# Introduction to Pandas: Using Python to read & explore tabular data 

Thursday October 6, 2022

Last week, we started to build on our introduction to Python by learning how to manipulate, clean, sort and analyze data in ordered lists. We also practiced working with a Python script for counting word frequencies in a text file, that we loaded in from our corpus. 

Often, though, the dataset that we want to work with, or explore take a slightly different form. We could read in a  SPREADSHEET as a plain text file, but that's not the most useful way to work with th

Today we're going to learn how to use Python to read and explore tabular data. We'll learn some command for analyzing different kinds of values stored in tabular data (numeric and "string" data), practice a technique called exploratory data analysis, slice up our dataset into meaningful subsets, make simple data visualizations, and work with missing data.

We're going to be working primarily with the Bellevue Almshouse Data. (For a refresher on where this data came from, check out [the project website](https://gih.hosting.nyu.edu/almshouse/the-almshouse-records/) and read the [accompanying essay by Annelise Shrout](https://crdh.rrchnm.org/essays/v01-10-(re)-humanizing-data/))
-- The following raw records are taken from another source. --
lemma e3_in_Z3_2_inner:
  assumes "a < b" "b < c"
  shows "(e3 a b c :: ('a::{finite,order}, 'r::comm_ring_1) fun3) \<in> Z3_2"
proof -
  have "e3 a b c = (mult3 (e3 a b b) (e3 b b c) :: ('a, 'r) fun3)"
    using assms by (simp add: mult3_e3_e3_point)
  also have "\<dots> \<in> Z3_2"
    using assms by (intro mult3_e3_e3_in_Z3_2) auto
  finally show ?thesis .
qed

lemma e3_cover_sum_in_Z3_2:
  assumes "covered_by y z" "x \<le> y" "z \<le> w"
  shows "(e3 x y w + e3 x z w :: ('a::{finite,order}, 'r::comm_ring_1) fun3) \<in> Z3_2"
proof -
  have "y < z" using assms(1) by (simp add: covered_by_def)
  have "e3 x y w + e3 x z w = (mult3 (e3 x y z) (e3 y z w) :: ('a, 'r) fun3)"
    using assms by (simp add: mult3_e3_e3_cover)
  also have "\<dots> \<in> Z3_2"
    using assms(2,3) \<open>y < z\<close> by (intro mult3_e3_e3_in_Z3_2) auto
  finally show ?thesis .
qed

lemma e3_in_Z3_2_left:
  assumes "a < c" "{a<..<c} \<noteq> {}"
  shows "(e3 a a c :: ('a::{finite,order}, 'r::comm_ring_1) fun3) \<in> Z3_2"
proof -
  obtain m where m: "covered_by a m" "m \<le> c"
    using covered_by_exists_above[OF assms(1)] .
  with assms(2) have "a < m" "m < c"
    by (auto simp: covered_by_def less_le)
  have "(e3 a a c + e3 a m c :: ('a, 'r) fun3) \<in> Z3_2"
    using m by (intro e3_cover_sum_in_Z3_2) auto
  moreover have "(e3 a m c :: ('a, 'r) fun3) \<in> Z3_2"
    using \<open>a < m\<close> \<open>m < c\<close> by (rule e3_in_Z3_2_inner)
  ultimately show ?thesis
    using fun3.subspace_diff[OF subspace_Z3_2] by fastforce
qed

lemma e3_in_Z3_2_right:
  assumes "a < c" "{a<..<c} \<noteq> {}"
  shows "(e3 a c c :: ('a::{finite,order}, 'r::comm_ring_1) fun3) \<in> Z3_2"
proof -
  obtain m where m: "a \<le> m" "covered_by m c"
    using covered_by_exists_below[OF assms(1)] .
  with assms(2) have "a < m" "m < c"
    by (auto simp: covered_by_def less_le)
  have "(e3 a m c + e3 a c c :: ('a, 'r) fun3) \<in> Z3_2"
    using m by (intro e3_cover_sum_in_Z3_2) auto
  moreover have "(e3 a m c :: ('a, 'r) fun3) \<in> Z3_2"
    using \<open>a < m\<close> \<open>m < c\<close> by (rule e3_in_Z3_2_inner)
  ultimately show ?thesis
    using fun3.subspace_diff[OF subspace_Z3_2] by fastforce
qed

lemma e3_in_Z3_2:
  assumes "a \<le> b" "b \<le> c" "{a<..<c} \<noteq> {}"
  shows "(e3 a b c :: ('a::{finite,order}, 'r::comm_ring_1) fun3) \<in> Z3_2"
proof -
  have "a < c" using assms(3) by auto
  consider "b = a" | "b = c" | "a < b" "b < c"
    using assms(1,2) by (auto simp: less_le)
  then show ?thesis
  proof cases
    case 1
    then show ?thesis using e3_in_Z3_2_left[OF \<open>a < c\<close> assms(3)] by simp
  next
    case 2
    then show ?thesis using e3_in_Z3_2_right[OF \<open>a < c\<close> assms(3)] by simp
  next
    case 3
    then show ?thesis by (rule e3_in_Z3_2_inner)
  qed
qed

lemma J3_2_subset_Z3_2: "J3 2 \<subseteq> Z3_2"
proof
  fix f :: "('a, 'b) fun3"
  assume f: "f \<in> J3 2"
  show "f \<in> Z3_2"
  proof (rule in_subspace_if_e3_in[OF subspace_Z3_2])
    fix a b c
    assume "f a b c \<noteq> 0"
    with f have "a \<le> b" "b \<le> c"
      by (auto simp: J3_2_iff I3_def)
    with f \<open>f a b c \<noteq> 0\<close> have "{a<..<c} \<noteq> {}"
      by (auto simp: J3_2_iff)
    with \<open>a \<le> b\<close> \<open>b \<le> c\<close> show "e3 a b c \<in> Z3_2"
      by (rule e3_in_Z3_2)
  qed
qed

definition cover_balanced :: "('a::{finite,order}, 'r::comm_ring_1) fun3 set" where
  "cover_balanced = {f \<in> Z3_1. \<forall>x w. covered_by x w \<longrightarrow> f x x w = f x w w}"
lemma continuous_on_guillemin: "continuous_on (polyQ a c d) (guillemin a c d)"
proof -
  have terms: "continuous_on (polyQ a c d) (\<lambda>y. ell a c k y * ln (ell a c k y))" if "k < d" for k
  proof (rule continuous_on_compose2[OF continuous_on_x_ln_x])
    show "continuous_on (polyQ a c d) (ell a c k)" unfolding ell_def by (intro continuous_intros)
    show "ell a c k ` polyQ a c d \<subseteq> {0..}" using that by (auto simp: polyQ_def)
  qed
  then show ?thesis unfolding guillemin_def
    by (rule continuous_on_mult[OF continuous_on_const continuous_on_sum]) (simp add: terms)
qed

lemma C_W_decomposition:
  assumes "u \<in> C_W R a c d"
  obtains U g where "open U" "polyQ a c d \<subseteq> U" "continuous_on U g"
    "\<And>x. x \<in> U \<Longrightarrow> g differentiable (at x)"
    "\<And>y. y \<in> polyQ a c d \<Longrightarrow> u y = g y + guillemin a c d y"
proof -
  obtain U g where "open U" "polyQ a c d \<subseteq> U" "smooth_on U g"
    and "\<forall>y\<in>polyQ a c d. u y - guillemin a c d y = g y"
    using assms by (auto simp: C_W_def smooth_on_closed_def)
  with that show ?thesis by (fastforce elim: smooth_on.cases)
qed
We're also going to practice working with **YOUR** datasets!

- [1. What is Pandas?](#1.-What-is-Pandas?)
    - [Using Pandas to clean tabular data](#Using-Pandas-to-clean-tabular-data)
    - [Cheatsheet: Operations we can peform on DataFrames](#Pandas-Cheat-Sheet)
    - [Using Pandas to analyze data](#Using-Pandas-to-analyze-data)
    - [**Exercise 1**: Finding out more about our dataset](#Exercise-1:-Finding-out-more-about-our-dataset) 
- [2: Make a simple data visualization](#2:-Make-a-simple-data-visualization) 
    - [**Exercise 2**: Your turn](#Exercise-2:-Your-turn!)
- [**Exercise 3**: Working with your own dataset](#Exercise-3:-Working-with-your-own-dataset)


## 1. What is Pandas?

We had a very quick preview of this last week. **`Pandas`** is a powerful Python library for working with tabular data. 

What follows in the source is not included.